I was 5 when I moved to Taunton and 8 when Readmore Bookstore came to town.

It was 1975 and schools didn’t just have ‘Suggested Reading Lists’ – they had ‘Read-a-thons’! Every time I heard of one coming up I was all Disaster-girl-Zoe-Roth just thinking about what I was going to do to my competition – and then I would plan a trip to Readmore.

There were different plans for those trips to Readmore over the years. My best friend Donna and I would rush over as soon as we finished book whatever in the Trixie Belden series for the next one (we shared those books; whichever one of us had the money paid for it). This was after the Nancy Drew book phase (and after we got our fixes of that on Sunday nights with The Hardy Boys/Nancy Drew Mysteries on television — oooh, Shaun Cassidy!)

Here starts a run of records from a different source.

text \<open>Doob's \<open>L\<^sup>2\<close> maximal inequality for a nonnegative process, in the only form needed: the
  submartingale property is assumed just for the running maximum as weight.\<close>
lemma doob_L2_maximal:
  fixes M :: "'a measure" and Y :: "nat \<Rightarrow> 'a \<Rightarrow> real"
  assumes nonneg: "\<And>j \<omega>. 0 \<le> Y j \<omega>"
    and meas: "\<And>j. j \<le> n \<Longrightarrow> Y j \<in> borel_measurable M"
    and finite_sq: "\<And>j. j \<le> n \<Longrightarrow> (\<integral>\<^sup>+\<omega>. ennreal ((Y j \<omega>)\<^sup>2) \<partial>M) < \<infinity>"
    and submart: "\<And>k. k < n \<Longrightarrow> (\<integral>\<^sup>+\<omega>. ennreal (running_max Y k \<omega> * Y k \<omega>) \<partial>M)
                                    \<le> (\<integral>\<^sup>+\<omega>. ennreal (running_max Y k \<omega> * Y (Suc k) \<omega>) \<partial>M)"
  shows "(\<integral>\<^sup>+\<omega>. ennreal ((running_max Y n \<omega>)\<^sup>2) \<partial>M) \<le> 4 * (\<integral>\<^sup>+\<omega>. ennreal ((Y n \<omega>)\<^sup>2) \<partial>M)"
proof -
  let ?m = "running_max Y"
  have m_nonneg: "0 \<le> ?m k \<omega>" for k \<omega> using nonneg by (rule running_max_nonneg)
  have m_meas: "?m k \<in> borel_measurable M" if "k \<le> n" for k
    unfolding running_max_def[abs_def] using that meas by (intro borel_measurable_Max) auto
  define A where "A = (\<integral>\<^sup>+\<omega>. ennreal ((?m n \<omega>)\<^sup>2) \<partial>M)"
  define C where "C = (\<integral>\<^sup>+\<omega>. ennreal ((Y n \<omega>)\<^sup>2) \<partial>M)"
  define B where "B = (\<Sum>k<n. \<integral>\<^sup>+\<omega>. ennreal (?m k \<omega> * Y (Suc k) \<omega>) \<partial>M)"
  define B' where "B' = (\<Sum>k<n. \<integral>\<^sup>+\<omega>. ennreal (?m k \<omega> * Y k \<omega>) \<partial>M)"
  have cross_meas: "(\<lambda>\<omega>. ennreal (?m k \<omega> * Y j \<omega>)) \<in> borel_measurable M" if "k \<le> n" "j \<le> n" for k j
    using m_meas[OF that(1)] meas[OF that(2)] by measurable
  have pointwise: "ennreal ((?m n \<omega>)\<^sup>2) + 4 * (\<Sum>k<n. ennreal (?m k \<omega> * Y (Suc k) \<omega>))
      \<le> 4 * ennreal ((Y n \<omega>)\<^sup>2) + 4 * (\<Sum>k<n. ennreal (?m k \<omega> * Y k \<omega>))" for \<omega>
  proof -
    have "(?m n \<omega>)\<^sup>2 + 4 * (\<Sum>k<n. ?m k \<omega> * Y (Suc k) \<omega>) \<le> 4 * (Y n \<omega>)\<^sup>2 + 4 * (\<Sum>k<n. ?m k \<omega> * Y k \<omega>)"
      using pathwise_doob_L2[of "\<lambda>j. Y j \<omega>" n] by (simp add: running_max_def)
    then have "ennreal ((?m n \<omega>)\<^sup>2 + 4 * (\<Sum>k<n. ?m k \<omega> * Y (Suc k) \<omega>))
        \<le> ennreal (4 * (Y n \<omega>)\<^sup>2 + 4 * (\<Sum>k<n. ?m k \<omega> * Y k \<omega>))"
      by (rule ennreal_leI)
    moreover have "0 \<le> (\<Sum>k<n. ?m k \<omega> * Y (Suc k) \<omega>)" "0 \<le> (\<Sum>k<n. ?m k \<omega> * Y k \<omega>)"
      using m_nonneg nonneg by (simp_all add: sum_nonneg)
    ultimately show ?thesis using m_nonneg nonneg
      by (simp add: ennreal_plus ennreal_mult sum_ennreal[symmetric] sum_nonneg del: sum_ennreal)
  qed
  have sum_B: "(\<integral>\<^sup>+\<omega>. (\<Sum>k<n. ennreal (?m k \<omega> * Y (Suc k) \<omega>)) \<partial>M) = B"
    unfolding B_def by (rule nn_integral_sum) (use cross_meas in auto)
  have sum_B': "(\<integral>\<^sup>+\<omega>. (\<Sum>k<n. ennreal (?m k \<omega> * Y k \<omega>)) \<partial>M) = B'"
    unfolding B'_def by (rule nn_integral_sum) (use cross_meas in auto)
  have sum_meas: "(\<lambda>\<omega>. (\<Sum>k<n. ennreal (?m k \<omega> * Y (Suc k) \<omega>))) \<in> borel_measurable M"
    "(\<lambda>\<omega>. (\<Sum>k<n. ennreal (?m k \<omega> * Y k \<omega>))) \<in> borel_measurable M"
    by (rule borel_measurable_sum; use cross_meas in auto)+
  have "A + 4 * B = (\<integral>\<^sup>+\<omega>. ennreal ((?m n \<omega>)\<^sup>2) + 4 * (\<Sum>k<n. ennreal (?m k \<omega> * Y (Suc k) \<omega>)) \<partial>M)"
    using m_meas[of n] sum_meas by (simp add: A_def sum_B[symmetric] nn_integral_add nn_integral_cmult)
  also have "\<dots> \<le> (\<integral>\<^sup>+\<omega>. 4 * ennreal ((Y n \<omega>)\<^sup>2) + 4 * (\<Sum>k<n. ennreal (?m k \<omega> * Y k \<omega>)) \<partial>M)"
    by (intro nn_integral_mono pointwise)
  also have "\<dots> = 4 * C + 4 * B'"
    using meas[of n] sum_meas by (simp add: C_def sum_B'[symmetric] nn_integral_add nn_integral_cmult)
  also have "\<dots> \<le> 4 * C + 4 * B"
    unfolding B_def B'_def by (intro add_left_mono mult_left_mono sum_mono submart) auto
  finally have "4 * B + A \<le> 4 * B + 4 * C" by (simp add: add.commute)
  moreover have "4 * B \<noteq> \<infinity>"
  proof -
    have "(\<integral>\<^sup>+\<omega>. ennreal (?m k \<omega> * Y (Suc k) \<omega>) \<partial>M) < \<infinity>" if "k < n" for k
      using that nonneg meas finite_sq by (intro nn_integral_running_max_cross_finite) auto
    then show ?thesis by (fastforce simp: B_def ennreal_mult_eq_top_iff infinity_ennreal_def)
  qed
  ultimately show ?thesis unfolding A_def C_def using ennreal_add_left_cancel_le by blast
qed


section \<open>Matrix-valued maps\<close>

lemma lipschitz_matrix_field_continuous:
  fixes \<sigma> :: "real^'d::finite \<Rightarrow> real^'m::finite^'d" and c :: real
  assumes c: "0 < c" and L: "\<And>x y. onorm (\<lambda>v. (\<sigma> x - \<sigma> y) *v v) \<le> c * norm (x - y)"
  shows "continuous_on UNIV \<sigma>"
proof -
  have column_cont: "continuous_on UNIV (\<lambda>y. \<sigma> y *v axis j 1)" for j
  proof -
    have "lipschitz_on c UNIV (\<lambda>y. \<sigma> y *v axis j 1)"
    proof (rule lipschitz_onI)
      fix x y :: "real^'d"
      have "dist (\<sigma> x *v axis j 1) (\<sigma> y *v axis j 1) = norm ((\<sigma> x - \<sigma> y) *v axis j 1)"
        by (simp add: dist_norm matrix_vector_mult_diff_rdistrib)
      also have "\<dots> \<le> onorm (\<lambda>v. (\<sigma> x - \<sigma> y) *v v) * norm (axis j (1::real))"
        by (rule onorm) simp
      also have "\<dots> \<le> c * dist x y" using L[of x y] by (simp add: dist_norm)
      finally show "dist (\<sigma> x *v axis j 1) (\<sigma> y *v axis j 1) \<le> c * dist x y" .
    qed (use c in simp)
    then show ?thesis by (rule lipschitz_on_continuous_on)
  qed
  have columns: "\<sigma> = (\<lambda>y. \<chi> i j. (\<sigma> y *v axis j 1) $ i)"
    by (auto simp: fun_eq_iff vec_eq_iff matrix_vector_mult_def axis_def if_distrib cong: if_cong)
  show ?thesis
    by (subst columns) (intro continuous_on_vec_lambda continuous_on_component column_cont)
qed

Readmore has a buyback policy, where you can sell your books back for 10% store credit of the cover price. I was a book hoarder, so choosing which ones to let go of took a day or two. I also loved how my bookshelves looked with series collections on them; the uniform colors and sizes were so pretty to me (yes, I LOVED Encyclopedia Britannica, too), so I couldn’t get rid of any of them until I was done done. I’m the type of reader that will also read a book (or the end, or selected parts) over and over. I didn’t get rid of any of the Trixie Belden books until I fully outgrew them, which means I brought all of them in at once – that was a banner day, bringing in so many at once! My store credit was always used immediately, and if there was any left over because I couldn’t squeeze one more book out of it, I would keep the remainder receipt in a special place until the next time (losing one was a catastrophic event).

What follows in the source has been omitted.